Anastasia Eristavi-Khoshtaria (ანასტასია ერისთავი-ხოშტარია; February 3, 1868 – May 1, 1951) was a Georgian woman novelist.

==Biography==
She was born into an aristocratic family in Gori, Georgia, then part of Imperial Russia. Eristavi-Khoshtaria began as a teacher in her birthplace, Gori, where she founded a free school for peasant children and later established a women's organization Mandilosani (1913-4). She debuted in 1885 when her translation of an Ossetic legend ბესო (Beso) was published. In the 1890s she was encouraged by the popular Georgian writer Akaki Tsereteli to move to Tbilisi to continue her work on original writings.
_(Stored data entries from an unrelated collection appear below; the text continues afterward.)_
theorem proposition17:
  fixes X :: "'a topology" and D' :: "'a set set"
  assumes "admissible_domains X D'"
    and "D' \<subseteq> dense_opens X"
  shows "pfuns X D' \<subseteq> pfuns X (dense_opens X)
    \<and> (\<forall>p\<in>pfuns X D'. \<forall>q\<in>pfuns X D'. paeq D' p q \<longrightarrow> paeq (dense_opens X) p q)
    \<and> (\<forall>p\<in>pfuns X D'. iota_check X (dense_opens X) (pclass X D' p) = pclass X (dense_opens X) p)
    \<and> iota_check X (dense_opens X) \<in> ring_hom (Capprox X D') (Capprox X (dense_opens X))
    \<and> iota_check X (dense_opens X) ` cpos X D' \<subseteq> cpos X (dense_opens X)
    \<and> (\<forall>P\<in>carrier (Capprox X D').
         iota_check X (dense_opens X) P \<in> cpos X (dense_opens X) \<longrightarrow> P \<in> cpos X D')"
proof -
  interpret admissible_refinement X D' "dense_opens X"
    using assms admissible_dense_opens by unfold_locales
  show ?thesis
    using pfuns_mono[OF subset] paeq_mono[OF subset] iota_check_pclass iota_check_ring_hom
      iota_check_positive iota_check_reflects_positive[OF assms]
    by blast
qed

end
Her first novels, მოლიპულ გზაზე (On the Slippery Path, 1897) and ბედის ტრიალი (The Wheel of Fate, 1901), enjoyed recognizable success. Being the first Georgian female writer who set her work from a feminine view and direct it at educated adults, Eristavi-Khoshtaria's novels and stories follow one pattern: they trace the career of a Georgian noblewoman, thrown into turmoil of the collapse of the old economic and moral orders in the mid-19th century, defending her ideals of free work and truthful love against a corrupt background and clay-footed heroes. After the Soviet invasion of 1921, she withdrew from literary and public activities and wrote little, except ideologically corrective introductions to reprints of her own works .

Anastasia Eristavi-Khoshtaria was married to Dutu Megreli (Dimitri Khoshtaria) (1867-1938), an author of popular patriotic poems and children's stories.